In men che non si dica tutti bambini si rivolsero al suo compagno urlandogli di mettersi a sedere!!!
Emanuel rimase così meravigliato nel sentirsi arrivare quella richiesta dai suoi compagni che rimase seduto venticinque minuti, immobile a sorridere insieme con gli altri.
Quel papà faceva il gioco dei numeri e loro ridevano … Era "perso" dentro agli occhi dei bambini che lo guardavano felici. Gli piaceva pensare di aver ottenuto tutto questo per aver parlato serenamente, chiedendo la loro collaborazione.

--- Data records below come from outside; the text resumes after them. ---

lemma not_sparse_lm_ideal:
  fixes g :: "'n::finite pol"
  assumes tdo: "total_degree_order le" and "g \<in> ideal_gen G_set" and "g \<noteq> 0"
  shows "\<not> sparse_mon (lm le g)"
proof
  let ?d = "lm le g"
  assume sparse: "sparse_mon ?d"
  have d_in: "?d \<in> Poly_Mapping.keys g"
    using lm_greatest tdo \<open>g \<noteq> 0\<close> by (auto simp: total_degree_order_def)
  obtain j where "block_deg ?d j = 0" using sparse by (auto simp: sparse_mon_def)
  then have "q j = (0, 0)" if "q \<in> PiE UNIV (block_choices ?d)" for q
    using PiE_mem[OF that, of j] by (simp add: block_choices_def)
  then have "0 = (\<Sum>q\<in>PiE UNIV (block_choices ?d). eval_pol (block_point q) g)"
    using eval_ideal_block_point \<open>g \<in> ideal_gen G_set\<close> by (metis (no_types, lifting) sum.neutral)
  also have "\<dots> = (\<Sum>u\<in>Poly_Mapping.keys g.
      Poly_Mapping.lookup g u * (\<Sum>q\<in>PiE UNIV (block_choices ?d). eval_mon (block_point q) u))"
    unfolding eval_pol_def by (subst sum.swap) (simp add: sum_distrib_left)
  also have "\<dots> = Poly_Mapping.lookup g ?d"
    using d_in tdeg_le_lm[OF tdo \<open>g \<noteq> 0\<close>]
      by (simp add: sum_box_eval_mon[OF sparse] if_distrib cong: if_cong)
  finally show False using d_in by (simp add: in_keys_iff)
qed

definition vmon :: "'n \<times> xyz \<Rightarrow> 'n mon" where
  "vmon v = Poly_Mapping.single v 1"

definition square_mon :: "'n \<times> xyz \<Rightarrow> 'n mon" where
  "square_mon v = vmon v + vmon v"

fun cross_mon :: "'n \<times> xyz \<Rightarrow> 'n mon" where
  "cross_mon (i, VX) = vmon (i, VY) + vmon (i, VZ)"
| "cross_mon (i, VY) = vmon (i, VX) + vmon (i, VZ)"
| "cross_mon (i, VZ) = vmon (i, VX) + vmon (i, VY)"

definition select_mon :: "('n::finite \<Rightarrow> xyz) \<Rightarrow> 'n mon" where
  "select_mon c = (\<Sum>i\<in>UNIV. vmon (i, c i))"

definition G_leads :: "'n::finite mon set" where
  "G_leads = range square_mon \<union> range cross_mon \<union> range select_mon"

lemma lookup_vmon: "Poly_Mapping.lookup (vmon v) w = (if w = v then 1 else 0)"
  by (simp add: vmon_def lookup_single when_def)

lemma lookup_square_mon: "Poly_Mapping.lookup (square_mon v) w = (if w = v then 2 else 0)"
  by (simp add: square_mon_def lookup_add lookup_vmon)

lemma lookup_cross_mon:
  "Poly_Mapping.lookup (cross_mon (i, t)) (j, s) = (if j = i \<and> s \<noteq> t then 1 else 0)"
  by (cases t; cases s) (auto simp: lookup_add lookup_vmon)

lemma lookup_select_mon: "Poly_Mapping.lookup (select_mon c) (j, s) = (if s = c j then 1 else 0)"
proof -
  have "Poly_Mapping.lookup (select_mon c) (j, s)
      = (\<Sum>i\<in>UNIV. if j = i then (if s = c i then 1 else 0) else 0)"
    unfolding select_mon_def lookup_sum by (intro sum.cong) (auto simp: lookup_vmon)
  then show ?thesis by simp
qed

lemma block_deg_square_mon: "block_deg (square_mon (i, t)) j = (if j = i then 2 else 0)"
  by (cases t) (auto simp: block_deg_def lookup_square_mon)

lemma block_deg_cross_mon: "block_deg (cross_mon (i, t)) j = (if j = i then 2 else 0)"
  by (cases t) (auto simp: block_deg_def lookup_cross_mon simp del: cross_mon.simps)

lemma block_deg_select_mon: "block_deg (select_mon c) j = 1"
  by (cases "c j") (auto simp: block_deg_def lookup_select_mon)

lemma block_deg_mono: "mdvd d m \<Longrightarrow> block_deg d i \<le> block_deg m i"
  unfolding mdvd_def block_deg_def by (intro add_mono) auto

lemma proper_divisor_block_deg_less:
  assumes "mdvd d m" and "d \<noteq> m"
  obtains i where "block_deg d i < block_deg m i"
proof -
  obtain i t where "Poly_Mapping.lookup d (i, t) \<noteq> Poly_Mapping.lookup m (i, t)"
    using \<open>d \<noteq> m\<close> poly_mapping_eqI by (metis surj_pair)
  with \<open>mdvd d m\<close> have "Poly_Mapping.lookup d (i, t) < Poly_Mapping.lookup m (i, t)"
    by (metis mdvd_def le_neq_implies_less)
  with \<open>mdvd d m\<close> have "block_deg d i < block_deg m i"
    unfolding mdvd_def block_deg_def
    by (cases t) (auto intro: add_less_le_mono add_le_less_mono add_mono)
  then show thesis by (rule that)
qed

lemma ex_other_index:
  fixes i :: "'n::finite"
  assumes "CARD('n) > 1"
  obtains j where "j \<noteq> i"
proof -
  have "UNIV \<noteq> {i}" using assms
    by (metis card.empty card_insert_disjoint empty_iff finite.emptyI less_irrefl One_nat_def)
  then show thesis using that by blast
qed

text \<open>Here n > 1 is needed: for n = 1 the monomial x_1 divides x_1 y_1 but is not sparse.\<close>
lemma proper_divisor_G_leads_sparse:
  fixes m d :: "'n::finite mon"
  assumes n: "CARD('n) > 1" and "m \<in> G_leads" and "mdvd d m" and "d \<noteq> m"
  shows "sparse_mon d"
proof -
  obtain i0 where less: "block_deg d i0 < block_deg m i0"
    using proper_divisor_block_deg_less[OF \<open>mdvd d m\<close> \<open>d \<noteq> m\<close>] .
  have le: "block_deg d j \<le> block_deg m j" for j
    using block_deg_mono[OF \<open>mdvd d m\<close>] .
  show ?thesis
  proof (cases "m \<in> range select_mon")
    case True
    then have "block_deg m j = 1" for j by (auto simp: block_deg_select_mon)
    with less le show ?thesis unfolding sparse_mon_def by (metis less_one)
  next
    case False
    then obtain i t where "m = square_mon (i, t) \<or> m = cross_mon (i, t)"
      using \<open>m \<in> G_leads\<close> unfolding G_leads_def by auto
    then have deg_m: "block_deg m j = (if j = i then 2 else 0)" for j
      using block_deg_square_mon block_deg_cross_mon by metis
    have "i0 = i" using less deg_m[of i0] by (auto split: if_splits)
    have deg_d: "block_deg d k \<le> 1" for k
      using less le[of k] deg_m[of k] \<open>i0 = i\<close> by (cases "k = i") auto
    obtain j where "j \<noteq> i" using ex_other_index[OF n] .
    then have "block_deg d j = 0" using le[of j] deg_m[of j] by simp
    with deg_d show ?thesis unfolding sparse_mon_def by blast
  qed
qed

lemma var_eq_single_vmon: "var v = Poly_Mapping.single (vmon v) 1"
  by (simp add: var_def vmon_def)

lemma tdeg_vmon [simp]: "tdeg (vmon v) = 1"
  by (simp add: vmon_def)

lemma lm_quadratic_plus_linear:
  fixes h :: "'n::finite pol"
  assumes tdo: "total_degree_order le" and linear: "Poly_Mapping.keys h \<subseteq> range vmon"
  shows "var a * var b + h \<noteq> 0" "lm le (var a * var b + h) = vmon a + vmon b"
proof -
  have "var a * var b = Poly_Mapping.single (vmon a + vmon b) 1"
    by (simp add: var_eq_single_vmon mult_single)
  moreover have "\<forall>u\<in>Poly_Mapping.keys h. tdeg u < tdeg (vmon a + vmon b)"
    using linear by (auto simp: tdeg_add)
  ultimately show "var a * var b + h \<noteq> 0" "lm le (var a * var b + h) = vmon a + vmon b"
    using lm_single_plus_lower[OF tdo] by auto
qed

lemma keys_var: "Poly_Mapping.keys (var v) = {vmon v}"
  by (simp add: var_eq_single_vmon)

lemma G_leads_are_lm_G_set:
  fixes m :: "'n::finite mon"
  assumes tdo: "total_degree_order le" and "m \<in> G_leads"
  shows "\<exists>f\<in>G_set. f \<noteq> 0 \<and> lm le f = m"
proof -
  have quadratic: "\<exists>f\<in>G_set. f \<noteq> 0 \<and> lm le f = m"
    if "var a * var b + h \<in> G_set" "Poly_Mapping.keys h \<subseteq> range vmon" "m = vmon a + vmon b"
    for a b h
    using that lm_quadratic_plus_linear[OF tdo] by metis
  consider (square) v where "m = square_mon v" | (cross) i t where "m = cross_mon (i, t)"
    | (select) c where "m = select_mon c"
    using \<open>m \<in> G_leads\<close> unfolding G_leads_def by auto
  then show ?thesis
  proof cases
    case (square v)
    have "var v ^ 2 - var v \<in> G_set" unfolding G_set_def S_set_def by blast
    then have "var v * var v + - var v \<in> G_set" by (simp add: power2_eq_square)
    then show ?thesis using square quadratic[of v v "- var v"]
      by (simp add: keys_var square_mon_def)
  next
    case (cross i t)
    show ?thesis
    proof (cases t)
      case VX
      have "Y i * Z i + - Y i \<in> G_set" unfolding G_set_def T_set_def by auto
      then show ?thesis using cross VX quadratic[of "(i, VY)" "(i, VZ)" "- Y i"]
        by (simp add: keys_var)
    next
      case VY
      have "X i * Z i + - X i \<in> G_set" unfolding G_set_def T_set_def by auto
      then show ?thesis using cross VY quadratic[of "(i, VX)" "(i, VZ)" "- X i"]
        by (simp add: keys_var)
    next
      case VZ
      have "X i * Y i + X i + Y i - Z i \<in> G_set" unfolding G_set_def L_set_def by blast
      then have "X i * Y i + (X i + Y i - Z i) \<in> G_set" by (simp add: add_diff_eq add.assoc)
      moreover have "Poly_Mapping.keys (X i + Y i - Z i) \<subseteq> range vmon"
        using keys_add keys_diff by (fastforce simp: keys_var)
      ultimately show ?thesis using cross VZ quadratic by simp
    qed
  next
    case (select c)
    have "(\<Prod>i\<in>UNIV. var (i, c i)) = Poly_Mapping.single (select_mon c) 1"
      unfolding select_mon_def by (induction rule: infinite_finite_induct)
        (auto simp: var_eq_single_vmon mult_single)
    moreover have "(\<Prod>i\<in>UNIV. var (i, c i)) \<in> G_set" unfolding G_set_def P_set_def by blast
    ultimately show ?thesis
      using select lm_single_plus_lower[OF tdo, where h = 0] by fastforce
  qed
qed

lemma inj_square_mon: "inj square_mon"
proof (rule injI)
  fix v w :: "'n \<times> xyz"
  assume "square_mon v = square_mon w"
  then have "Poly_Mapping.lookup (square_mon v) v = Poly_Mapping.lookup (square_mon w) v" by simp
  then show "v = w" by (simp add: lookup_square_mon split: if_splits)
qed

lemma inj_cross_mon: "inj cross_mon"
proof (rule injI)
  fix v w :: "'n \<times> xyz"
  assume eq: "cross_mon v = cross_mon w"
  obtain i t j s where v: "v = (i, t)" and w: "w = (j, s)" by fastforce
  obtain t' where "t' \<noteq> t" by (metis xyz.distinct(1) xyz.distinct(3))
  then have "j = i" using arg_cong[OF eq, of "\<lambda>m. Poly_Mapping.lookup m (i, t')"]
    by (simp add: v w lookup_cross_mon split: if_splits)
  moreover have "s = t" using arg_cong[OF eq, of "\<lambda>m. Poly_Mapping.lookup m (i, t)"] \<open>j = i\<close>
    by (simp add: v w lookup_cross_mon split: if_splits)
  ultimately show "v = w" by (simp add: v w)
qed

lemma inj_select_mon: "inj select_mon"
proof (rule injI)
  fix c d :: "'n::finite \<Rightarrow> xyz"
  assume eq: "select_mon c = select_mon d"
  show "c = d"
  proof
    fix i
    show "c i = d i" using arg_cong[OF eq, of "\<lambda>m. Poly_Mapping.lookup m (i, c i)"]
      by (simp add: lookup_select_mon split: if_splits)
  qed
qed

lemma card_G_leads:
  assumes n: "CARD('n::finite) > 1"
  shows "card (G_leads :: 'n mon set) = 6 * CARD('n) + 3 ^ CARD('n)"
proof -
  have card_xyz: "CARD(xyz) = 3" by (simp add: UNIV_xyz)
  have square_disj: "square_mon v \<noteq> cross_mon w \<and> square_mon v \<noteq> select_mon c"
    for v w :: "'n \<times> xyz" and c
  proof -
    obtain i t where v: "v = (i, t)" by fastforce
    obtain j s where w: "w = (j, s)" by fastforce
    have "Poly_Mapping.lookup (square_mon v) v = 2" by (simp add: lookup_square_mon)
    moreover have "Poly_Mapping.lookup (cross_mon w) v \<le> 1"
      "Poly_Mapping.lookup (select_mon c) v \<le> 1"
      by (simp_all add: v w lookup_cross_mon lookup_select_mon)
    ultimately show ?thesis by auto
  qed
  have cross_select_disj: "cross_mon w \<noteq> select_mon c" for w :: "'n \<times> xyz" and c
  proof
    obtain i t where w: "w = (i, t)" by fastforce
    obtain j where "j \<noteq> i" using ex_other_index[OF n] .
    assume "cross_mon w = select_mon c"
    then have "block_deg (cross_mon (i, t)) j = block_deg (select_mon c) j" by (simp add: w)
    with \<open>j \<noteq> i\<close> show False by (simp add: block_deg_cross_mon block_deg_select_mon)
  qed
  have "card (range (square_mon :: _ \<Rightarrow> 'n mon) \<union> range cross_mon) = 3 * CARD('n) + 3 * CARD('n)"
    by (subst card_Un_disjoint)
      (use square_disj in \<open>auto simp: card_image inj_square_mon inj_cross_mon card_xyz\<close>)
  moreover have "card (range (select_mon :: _ \<Rightarrow> 'n mon)) = 3 ^ CARD('n)"
    by (simp add: card_image inj_select_mon card_xyz card_fun)
  moreover have "card (G_leads :: 'n mon set)
      = card (range (square_mon :: _ \<Rightarrow> 'n mon) \<union> range cross_mon)
        + card (range (select_mon :: _ \<Rightarrow> 'n mon))"
    unfolding G_leads_def by (rule card_Un_disjoint)
      (use square_disj cross_select_disj in \<open>auto dest: sym\<close>)
  ultimately show ?thesis by simp
qed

Le maestre sembravano esterrefatte, forse perché non abituate a quei momenti di pace.
Passata una mezz’ora, quel papà si alzò per lasciar iniziare le lezioni. Si congedò sottovoce: "bravi bambini… Siete stati molto bravi! Voglio bene a tutti. Continuate così".
Lui ed il suo gattino salirono nell’auto parcheggiata davanti alla scuola.
Dalle grandi porte a vetro, i bambini lo salutavano gesticolando un ciao con le loro manine: erano lì, stupendi, grandi, forti, tutti insieme.
Quell’immagine commosse il papà ed ancora una volta pensò: com’è semplice avere l’affetto e l’attenzione dei bambini…
C’era una scuola e c’erano alcune maestre sempre arrabbiate con i bambini.
Quel papà si è battuto e si è scontrato affinché quei bambini fossero trattati con più dolcezza.

 


Autore: Mi chiamo Roberto Baroni ed all'inizio di tutto sono diventato padre.
Quando è successo mi sono chiesto: "Io papà? Come sarò? Ce la farò?".
Anche se non ho titoli nel settore ho voluto trovare un modo dolce di rapportarmi alla mia bambina e sembra che tutto stia andando bene. Mi ritengo un uomo pratico che fa di un'idea una realtà... (OPPURE... che cerca nell'idea una realtà...).
Prima c’era solo Marina che conosceva i bambini: è pedagogista. Poi tra noi è arrivata Jessica ed in quel momento sono rinato anch’io. Con lei, ho imparato a mettermi in discussione ed a guardare il mondo in modo nuovo. Con gli occhi di un papà vi racconto la gioia, la fatica, l’amore di crescere insieme. Come capita, probabilmente, a ciascuno di voi.